» **TASK**
Below are some records. Say how many of their lines include the string "ordinary", giving only the number.

── GIVEN RECORDS ──

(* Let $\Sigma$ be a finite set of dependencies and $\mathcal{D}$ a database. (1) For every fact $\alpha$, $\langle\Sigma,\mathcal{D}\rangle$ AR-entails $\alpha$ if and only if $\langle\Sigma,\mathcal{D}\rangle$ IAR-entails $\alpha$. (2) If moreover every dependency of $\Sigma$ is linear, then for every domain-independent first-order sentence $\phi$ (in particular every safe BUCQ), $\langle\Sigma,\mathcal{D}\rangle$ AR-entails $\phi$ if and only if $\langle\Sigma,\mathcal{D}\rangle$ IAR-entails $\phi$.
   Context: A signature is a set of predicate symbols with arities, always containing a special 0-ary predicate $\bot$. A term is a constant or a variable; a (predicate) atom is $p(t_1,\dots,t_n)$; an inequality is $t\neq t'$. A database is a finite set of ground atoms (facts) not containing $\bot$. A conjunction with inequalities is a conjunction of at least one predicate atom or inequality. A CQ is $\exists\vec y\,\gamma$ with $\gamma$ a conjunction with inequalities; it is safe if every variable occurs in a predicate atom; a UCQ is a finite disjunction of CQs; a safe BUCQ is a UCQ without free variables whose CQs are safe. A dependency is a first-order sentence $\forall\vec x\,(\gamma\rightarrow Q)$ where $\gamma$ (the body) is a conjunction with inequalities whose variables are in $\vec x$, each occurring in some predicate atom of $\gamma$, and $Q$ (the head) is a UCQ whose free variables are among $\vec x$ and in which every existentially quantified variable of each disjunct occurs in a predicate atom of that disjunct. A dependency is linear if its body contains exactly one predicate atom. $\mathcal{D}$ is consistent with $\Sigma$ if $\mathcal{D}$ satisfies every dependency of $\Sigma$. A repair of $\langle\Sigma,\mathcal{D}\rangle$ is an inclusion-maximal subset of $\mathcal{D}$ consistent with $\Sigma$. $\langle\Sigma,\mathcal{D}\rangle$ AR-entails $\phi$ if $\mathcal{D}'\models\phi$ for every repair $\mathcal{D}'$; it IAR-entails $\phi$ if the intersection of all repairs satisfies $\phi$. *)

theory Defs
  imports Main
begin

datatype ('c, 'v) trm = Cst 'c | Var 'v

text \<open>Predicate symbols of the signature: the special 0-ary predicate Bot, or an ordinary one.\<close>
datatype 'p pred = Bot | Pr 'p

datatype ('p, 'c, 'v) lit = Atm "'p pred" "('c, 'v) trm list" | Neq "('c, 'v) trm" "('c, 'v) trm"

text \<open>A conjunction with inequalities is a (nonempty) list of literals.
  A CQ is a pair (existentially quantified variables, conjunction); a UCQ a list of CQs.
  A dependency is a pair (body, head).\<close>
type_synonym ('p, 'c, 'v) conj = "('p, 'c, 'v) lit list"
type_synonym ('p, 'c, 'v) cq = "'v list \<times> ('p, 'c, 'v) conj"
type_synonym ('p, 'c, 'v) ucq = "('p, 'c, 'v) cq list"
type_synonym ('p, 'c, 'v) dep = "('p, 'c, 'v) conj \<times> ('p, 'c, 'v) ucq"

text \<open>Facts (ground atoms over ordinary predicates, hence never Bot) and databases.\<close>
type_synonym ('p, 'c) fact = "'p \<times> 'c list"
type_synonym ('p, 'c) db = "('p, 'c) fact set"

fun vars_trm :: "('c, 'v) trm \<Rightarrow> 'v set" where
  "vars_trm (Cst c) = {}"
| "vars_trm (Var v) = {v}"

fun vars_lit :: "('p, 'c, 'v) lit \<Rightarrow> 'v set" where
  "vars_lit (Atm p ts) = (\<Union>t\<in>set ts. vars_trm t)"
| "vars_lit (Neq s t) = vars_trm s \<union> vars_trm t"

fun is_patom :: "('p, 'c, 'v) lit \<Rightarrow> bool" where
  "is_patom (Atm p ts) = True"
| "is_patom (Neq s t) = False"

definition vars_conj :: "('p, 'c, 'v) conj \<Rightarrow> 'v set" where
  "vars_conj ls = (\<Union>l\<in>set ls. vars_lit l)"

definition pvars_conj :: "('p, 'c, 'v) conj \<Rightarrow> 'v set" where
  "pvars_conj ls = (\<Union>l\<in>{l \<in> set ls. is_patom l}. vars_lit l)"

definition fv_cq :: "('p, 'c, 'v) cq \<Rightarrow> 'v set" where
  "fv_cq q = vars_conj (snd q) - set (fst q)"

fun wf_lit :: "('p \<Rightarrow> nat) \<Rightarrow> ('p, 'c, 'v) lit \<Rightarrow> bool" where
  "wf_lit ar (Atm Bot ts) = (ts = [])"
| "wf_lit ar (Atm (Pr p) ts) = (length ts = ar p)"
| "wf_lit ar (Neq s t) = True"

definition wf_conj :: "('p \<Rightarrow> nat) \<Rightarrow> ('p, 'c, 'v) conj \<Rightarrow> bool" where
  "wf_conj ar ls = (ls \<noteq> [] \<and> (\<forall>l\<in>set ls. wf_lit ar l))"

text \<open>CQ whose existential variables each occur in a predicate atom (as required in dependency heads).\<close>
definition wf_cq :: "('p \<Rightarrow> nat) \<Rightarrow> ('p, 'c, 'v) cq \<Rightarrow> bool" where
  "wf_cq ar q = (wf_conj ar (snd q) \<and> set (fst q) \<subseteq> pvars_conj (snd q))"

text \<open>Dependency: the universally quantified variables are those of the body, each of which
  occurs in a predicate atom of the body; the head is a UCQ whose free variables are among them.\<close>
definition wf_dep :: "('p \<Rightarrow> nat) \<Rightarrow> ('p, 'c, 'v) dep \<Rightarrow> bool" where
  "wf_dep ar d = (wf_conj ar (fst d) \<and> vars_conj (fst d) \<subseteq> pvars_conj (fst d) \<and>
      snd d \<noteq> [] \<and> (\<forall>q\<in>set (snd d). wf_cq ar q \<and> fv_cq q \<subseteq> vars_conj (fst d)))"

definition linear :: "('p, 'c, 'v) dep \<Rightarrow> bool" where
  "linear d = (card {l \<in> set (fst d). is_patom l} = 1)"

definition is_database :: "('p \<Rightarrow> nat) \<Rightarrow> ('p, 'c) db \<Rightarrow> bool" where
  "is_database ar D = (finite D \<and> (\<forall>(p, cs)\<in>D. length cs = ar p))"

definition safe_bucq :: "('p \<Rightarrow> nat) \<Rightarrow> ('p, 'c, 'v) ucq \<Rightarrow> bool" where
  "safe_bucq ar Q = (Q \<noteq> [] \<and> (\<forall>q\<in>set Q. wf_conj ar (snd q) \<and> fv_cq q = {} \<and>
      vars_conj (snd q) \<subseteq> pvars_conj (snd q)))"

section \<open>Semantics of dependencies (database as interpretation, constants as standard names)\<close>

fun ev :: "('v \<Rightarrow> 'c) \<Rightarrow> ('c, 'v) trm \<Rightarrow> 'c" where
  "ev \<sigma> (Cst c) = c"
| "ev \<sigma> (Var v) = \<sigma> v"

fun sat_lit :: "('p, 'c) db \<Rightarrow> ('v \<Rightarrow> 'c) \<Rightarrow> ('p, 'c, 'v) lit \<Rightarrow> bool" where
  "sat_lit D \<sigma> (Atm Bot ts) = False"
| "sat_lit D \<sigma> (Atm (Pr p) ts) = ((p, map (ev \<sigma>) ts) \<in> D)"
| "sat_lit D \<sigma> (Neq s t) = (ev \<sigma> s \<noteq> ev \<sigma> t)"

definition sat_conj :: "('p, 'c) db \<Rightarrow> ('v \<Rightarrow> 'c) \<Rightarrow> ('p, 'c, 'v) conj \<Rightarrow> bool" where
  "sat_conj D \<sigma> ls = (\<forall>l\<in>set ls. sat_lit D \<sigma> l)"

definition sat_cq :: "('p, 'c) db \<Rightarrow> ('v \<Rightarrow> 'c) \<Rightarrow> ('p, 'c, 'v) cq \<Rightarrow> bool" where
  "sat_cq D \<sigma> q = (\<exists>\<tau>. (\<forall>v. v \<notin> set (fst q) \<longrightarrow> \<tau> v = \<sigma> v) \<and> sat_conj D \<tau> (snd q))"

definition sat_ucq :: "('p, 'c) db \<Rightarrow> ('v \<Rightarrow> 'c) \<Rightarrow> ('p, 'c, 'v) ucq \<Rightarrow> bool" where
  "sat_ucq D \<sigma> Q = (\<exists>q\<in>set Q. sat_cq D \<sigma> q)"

───
── GIVEN RECORDS ──

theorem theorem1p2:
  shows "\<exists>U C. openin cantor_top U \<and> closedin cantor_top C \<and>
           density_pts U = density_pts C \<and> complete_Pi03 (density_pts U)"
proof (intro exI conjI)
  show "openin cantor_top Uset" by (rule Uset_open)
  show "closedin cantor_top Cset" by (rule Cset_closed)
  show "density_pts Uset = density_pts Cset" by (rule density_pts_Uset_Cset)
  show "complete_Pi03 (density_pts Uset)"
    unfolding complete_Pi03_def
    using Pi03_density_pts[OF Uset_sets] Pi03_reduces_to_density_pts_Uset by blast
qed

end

───
── GIVEN RECORDS ──

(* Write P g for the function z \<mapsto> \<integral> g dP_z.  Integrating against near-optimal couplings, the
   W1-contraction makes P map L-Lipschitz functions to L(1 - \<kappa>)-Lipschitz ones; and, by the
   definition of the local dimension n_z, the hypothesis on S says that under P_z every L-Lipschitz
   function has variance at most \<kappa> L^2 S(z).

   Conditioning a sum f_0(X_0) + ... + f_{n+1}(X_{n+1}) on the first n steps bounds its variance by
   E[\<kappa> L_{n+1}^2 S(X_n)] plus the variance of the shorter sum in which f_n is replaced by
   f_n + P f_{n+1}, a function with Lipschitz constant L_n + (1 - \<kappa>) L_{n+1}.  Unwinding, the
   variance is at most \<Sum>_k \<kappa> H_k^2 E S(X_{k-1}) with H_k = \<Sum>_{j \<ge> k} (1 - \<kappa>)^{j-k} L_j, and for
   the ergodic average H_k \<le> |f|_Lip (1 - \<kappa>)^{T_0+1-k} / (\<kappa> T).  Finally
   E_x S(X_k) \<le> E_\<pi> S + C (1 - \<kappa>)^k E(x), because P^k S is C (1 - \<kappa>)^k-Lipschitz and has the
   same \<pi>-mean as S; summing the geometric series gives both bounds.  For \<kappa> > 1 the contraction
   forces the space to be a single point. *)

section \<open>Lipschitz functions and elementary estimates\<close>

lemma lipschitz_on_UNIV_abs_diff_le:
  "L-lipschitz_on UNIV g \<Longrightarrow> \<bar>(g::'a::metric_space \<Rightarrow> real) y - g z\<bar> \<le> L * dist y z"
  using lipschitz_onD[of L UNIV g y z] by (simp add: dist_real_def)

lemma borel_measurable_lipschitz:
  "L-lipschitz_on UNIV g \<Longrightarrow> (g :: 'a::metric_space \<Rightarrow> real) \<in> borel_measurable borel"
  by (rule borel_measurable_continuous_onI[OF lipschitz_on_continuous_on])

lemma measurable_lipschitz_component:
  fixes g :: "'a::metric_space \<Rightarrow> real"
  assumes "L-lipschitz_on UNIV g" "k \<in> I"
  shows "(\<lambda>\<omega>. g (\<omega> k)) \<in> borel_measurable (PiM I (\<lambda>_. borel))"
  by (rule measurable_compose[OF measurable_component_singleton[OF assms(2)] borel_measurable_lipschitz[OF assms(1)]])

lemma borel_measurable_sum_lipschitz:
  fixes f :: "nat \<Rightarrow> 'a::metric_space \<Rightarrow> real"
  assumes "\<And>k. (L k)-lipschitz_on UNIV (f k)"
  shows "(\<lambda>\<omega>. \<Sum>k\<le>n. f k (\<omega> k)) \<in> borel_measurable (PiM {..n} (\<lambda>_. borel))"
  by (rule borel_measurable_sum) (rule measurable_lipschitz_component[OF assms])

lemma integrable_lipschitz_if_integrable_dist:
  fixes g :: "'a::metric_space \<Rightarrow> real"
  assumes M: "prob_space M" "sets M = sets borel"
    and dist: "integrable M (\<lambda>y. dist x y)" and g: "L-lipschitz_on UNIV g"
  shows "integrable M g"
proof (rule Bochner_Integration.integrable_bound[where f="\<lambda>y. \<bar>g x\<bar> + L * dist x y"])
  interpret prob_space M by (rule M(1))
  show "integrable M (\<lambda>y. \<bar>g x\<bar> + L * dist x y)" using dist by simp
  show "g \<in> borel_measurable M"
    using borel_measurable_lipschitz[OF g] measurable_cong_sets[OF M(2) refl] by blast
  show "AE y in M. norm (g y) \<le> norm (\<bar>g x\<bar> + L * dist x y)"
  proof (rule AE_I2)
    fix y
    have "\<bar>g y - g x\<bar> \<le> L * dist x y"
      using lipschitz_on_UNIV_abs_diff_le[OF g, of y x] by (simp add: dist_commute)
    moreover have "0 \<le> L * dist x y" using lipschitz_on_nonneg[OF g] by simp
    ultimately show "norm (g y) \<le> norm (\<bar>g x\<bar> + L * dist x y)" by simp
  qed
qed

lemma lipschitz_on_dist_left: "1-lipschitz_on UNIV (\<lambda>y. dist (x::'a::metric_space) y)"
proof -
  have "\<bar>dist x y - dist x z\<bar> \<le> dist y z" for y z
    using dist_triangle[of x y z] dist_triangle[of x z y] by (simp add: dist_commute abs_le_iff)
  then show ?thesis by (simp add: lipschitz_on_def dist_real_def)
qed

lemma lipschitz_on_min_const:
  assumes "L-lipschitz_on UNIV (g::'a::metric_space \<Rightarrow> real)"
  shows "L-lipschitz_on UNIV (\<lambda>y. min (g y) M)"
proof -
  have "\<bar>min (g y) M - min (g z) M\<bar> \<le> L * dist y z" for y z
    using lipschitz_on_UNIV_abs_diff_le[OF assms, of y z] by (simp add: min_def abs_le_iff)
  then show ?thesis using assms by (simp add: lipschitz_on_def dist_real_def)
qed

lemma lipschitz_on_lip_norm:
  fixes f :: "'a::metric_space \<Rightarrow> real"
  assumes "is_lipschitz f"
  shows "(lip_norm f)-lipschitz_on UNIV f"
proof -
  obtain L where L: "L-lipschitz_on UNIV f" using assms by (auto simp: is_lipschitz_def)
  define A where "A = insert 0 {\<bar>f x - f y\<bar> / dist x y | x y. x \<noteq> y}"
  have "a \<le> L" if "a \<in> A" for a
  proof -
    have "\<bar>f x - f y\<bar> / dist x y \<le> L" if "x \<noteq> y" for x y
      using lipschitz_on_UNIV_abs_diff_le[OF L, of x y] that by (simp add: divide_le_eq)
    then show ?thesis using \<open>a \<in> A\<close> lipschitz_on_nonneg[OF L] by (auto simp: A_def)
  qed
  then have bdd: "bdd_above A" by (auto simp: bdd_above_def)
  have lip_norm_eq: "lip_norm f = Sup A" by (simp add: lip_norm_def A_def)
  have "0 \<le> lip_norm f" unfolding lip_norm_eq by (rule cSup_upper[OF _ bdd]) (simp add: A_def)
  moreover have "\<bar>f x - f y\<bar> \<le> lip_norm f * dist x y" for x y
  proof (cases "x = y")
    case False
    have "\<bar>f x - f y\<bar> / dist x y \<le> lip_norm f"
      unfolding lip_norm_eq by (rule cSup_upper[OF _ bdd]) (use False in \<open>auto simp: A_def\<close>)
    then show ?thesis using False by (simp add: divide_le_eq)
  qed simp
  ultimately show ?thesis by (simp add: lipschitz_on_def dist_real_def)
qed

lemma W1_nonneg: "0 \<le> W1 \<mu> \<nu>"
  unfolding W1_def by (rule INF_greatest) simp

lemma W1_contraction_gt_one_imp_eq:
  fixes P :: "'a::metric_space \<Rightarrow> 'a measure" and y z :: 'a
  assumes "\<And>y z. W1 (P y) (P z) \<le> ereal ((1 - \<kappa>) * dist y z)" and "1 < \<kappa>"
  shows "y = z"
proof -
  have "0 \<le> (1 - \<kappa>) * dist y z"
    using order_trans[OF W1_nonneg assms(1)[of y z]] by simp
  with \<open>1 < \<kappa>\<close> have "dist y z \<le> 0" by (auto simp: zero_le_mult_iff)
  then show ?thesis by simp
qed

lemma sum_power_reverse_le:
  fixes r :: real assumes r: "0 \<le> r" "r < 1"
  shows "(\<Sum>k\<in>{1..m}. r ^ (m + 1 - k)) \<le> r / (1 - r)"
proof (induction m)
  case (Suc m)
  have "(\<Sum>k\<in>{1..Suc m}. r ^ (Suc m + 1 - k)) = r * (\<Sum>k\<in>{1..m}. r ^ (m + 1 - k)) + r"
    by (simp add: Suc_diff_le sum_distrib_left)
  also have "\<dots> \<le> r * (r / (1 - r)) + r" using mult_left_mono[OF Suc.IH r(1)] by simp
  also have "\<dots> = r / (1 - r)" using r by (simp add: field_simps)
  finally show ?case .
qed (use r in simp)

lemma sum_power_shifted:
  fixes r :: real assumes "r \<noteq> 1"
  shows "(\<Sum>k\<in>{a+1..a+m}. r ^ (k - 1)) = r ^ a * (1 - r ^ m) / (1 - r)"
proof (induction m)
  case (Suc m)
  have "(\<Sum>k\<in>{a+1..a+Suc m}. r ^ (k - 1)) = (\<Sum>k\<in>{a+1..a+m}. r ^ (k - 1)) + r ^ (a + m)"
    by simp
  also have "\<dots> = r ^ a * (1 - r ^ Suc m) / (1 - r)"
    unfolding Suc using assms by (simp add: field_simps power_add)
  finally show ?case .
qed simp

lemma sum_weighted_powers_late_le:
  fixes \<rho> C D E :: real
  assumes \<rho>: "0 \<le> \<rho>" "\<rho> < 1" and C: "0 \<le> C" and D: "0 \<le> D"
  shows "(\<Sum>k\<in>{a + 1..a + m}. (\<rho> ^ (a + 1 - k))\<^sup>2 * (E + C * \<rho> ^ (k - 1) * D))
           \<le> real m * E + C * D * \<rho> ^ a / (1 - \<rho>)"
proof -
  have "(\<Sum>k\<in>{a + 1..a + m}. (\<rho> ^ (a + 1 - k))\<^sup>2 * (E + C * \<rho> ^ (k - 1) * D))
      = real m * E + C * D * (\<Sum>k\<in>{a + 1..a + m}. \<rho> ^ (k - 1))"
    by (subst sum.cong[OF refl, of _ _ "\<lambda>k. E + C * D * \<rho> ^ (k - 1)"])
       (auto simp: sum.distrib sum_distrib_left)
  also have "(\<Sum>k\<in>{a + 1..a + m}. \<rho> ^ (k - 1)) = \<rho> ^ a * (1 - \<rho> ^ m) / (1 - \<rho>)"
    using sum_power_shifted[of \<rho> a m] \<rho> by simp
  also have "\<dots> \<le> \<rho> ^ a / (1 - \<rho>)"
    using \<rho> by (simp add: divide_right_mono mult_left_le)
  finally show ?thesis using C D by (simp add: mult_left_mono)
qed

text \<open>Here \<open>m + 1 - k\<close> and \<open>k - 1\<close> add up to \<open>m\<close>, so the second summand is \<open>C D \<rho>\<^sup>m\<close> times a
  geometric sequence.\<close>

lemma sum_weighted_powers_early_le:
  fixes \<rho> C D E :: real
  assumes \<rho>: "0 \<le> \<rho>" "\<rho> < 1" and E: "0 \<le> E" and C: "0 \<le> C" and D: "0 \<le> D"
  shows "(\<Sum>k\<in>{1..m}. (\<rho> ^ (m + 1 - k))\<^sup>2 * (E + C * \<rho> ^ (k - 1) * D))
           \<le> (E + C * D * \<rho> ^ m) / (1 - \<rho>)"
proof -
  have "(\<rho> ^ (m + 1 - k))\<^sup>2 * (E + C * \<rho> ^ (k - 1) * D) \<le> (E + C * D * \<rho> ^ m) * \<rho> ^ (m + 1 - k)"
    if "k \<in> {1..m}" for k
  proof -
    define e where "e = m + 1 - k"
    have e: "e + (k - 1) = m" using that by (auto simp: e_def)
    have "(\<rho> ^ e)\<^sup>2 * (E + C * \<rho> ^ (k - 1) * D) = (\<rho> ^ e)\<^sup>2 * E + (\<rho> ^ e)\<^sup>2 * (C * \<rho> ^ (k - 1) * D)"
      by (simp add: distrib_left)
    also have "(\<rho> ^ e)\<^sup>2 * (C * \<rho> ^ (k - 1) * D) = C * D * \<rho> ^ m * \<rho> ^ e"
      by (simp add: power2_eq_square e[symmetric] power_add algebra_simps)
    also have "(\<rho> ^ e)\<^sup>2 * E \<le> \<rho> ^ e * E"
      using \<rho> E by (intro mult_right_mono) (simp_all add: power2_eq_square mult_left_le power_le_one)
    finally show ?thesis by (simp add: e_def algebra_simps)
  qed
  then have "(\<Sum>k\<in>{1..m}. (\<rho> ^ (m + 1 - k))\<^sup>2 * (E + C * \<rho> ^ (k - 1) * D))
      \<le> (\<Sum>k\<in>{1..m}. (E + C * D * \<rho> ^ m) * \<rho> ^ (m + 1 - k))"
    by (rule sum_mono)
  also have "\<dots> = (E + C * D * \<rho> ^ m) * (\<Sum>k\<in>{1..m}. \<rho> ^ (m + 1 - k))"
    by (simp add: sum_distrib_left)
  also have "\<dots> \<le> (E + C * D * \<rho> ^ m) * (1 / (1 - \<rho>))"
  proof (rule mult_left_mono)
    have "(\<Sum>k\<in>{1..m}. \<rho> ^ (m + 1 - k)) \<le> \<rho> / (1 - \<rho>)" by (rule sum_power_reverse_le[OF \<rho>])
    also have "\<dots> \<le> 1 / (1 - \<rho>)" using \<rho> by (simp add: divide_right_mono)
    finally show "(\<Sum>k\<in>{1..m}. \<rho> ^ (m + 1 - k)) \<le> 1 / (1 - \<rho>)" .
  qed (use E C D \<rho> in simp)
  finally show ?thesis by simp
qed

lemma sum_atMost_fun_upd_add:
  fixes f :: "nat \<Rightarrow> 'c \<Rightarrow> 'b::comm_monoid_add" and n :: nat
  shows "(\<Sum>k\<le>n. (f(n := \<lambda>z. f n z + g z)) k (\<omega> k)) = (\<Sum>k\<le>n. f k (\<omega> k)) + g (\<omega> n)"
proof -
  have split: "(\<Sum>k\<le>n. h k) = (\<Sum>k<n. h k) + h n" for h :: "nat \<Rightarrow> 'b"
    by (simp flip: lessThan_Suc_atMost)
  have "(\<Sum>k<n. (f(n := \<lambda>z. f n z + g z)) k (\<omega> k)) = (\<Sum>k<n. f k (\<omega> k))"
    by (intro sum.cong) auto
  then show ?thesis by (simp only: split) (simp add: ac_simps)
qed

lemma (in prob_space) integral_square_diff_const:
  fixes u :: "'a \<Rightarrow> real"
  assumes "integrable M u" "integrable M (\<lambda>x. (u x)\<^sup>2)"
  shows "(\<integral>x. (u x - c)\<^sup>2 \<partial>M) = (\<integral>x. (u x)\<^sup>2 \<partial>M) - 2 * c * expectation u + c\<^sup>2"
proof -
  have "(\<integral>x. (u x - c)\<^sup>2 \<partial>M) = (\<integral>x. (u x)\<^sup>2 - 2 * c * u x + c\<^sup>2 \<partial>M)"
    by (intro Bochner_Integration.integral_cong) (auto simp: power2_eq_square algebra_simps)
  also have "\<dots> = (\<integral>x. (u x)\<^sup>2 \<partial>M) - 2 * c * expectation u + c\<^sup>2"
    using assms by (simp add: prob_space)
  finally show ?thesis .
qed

───

» **RESPONSE BOX**
2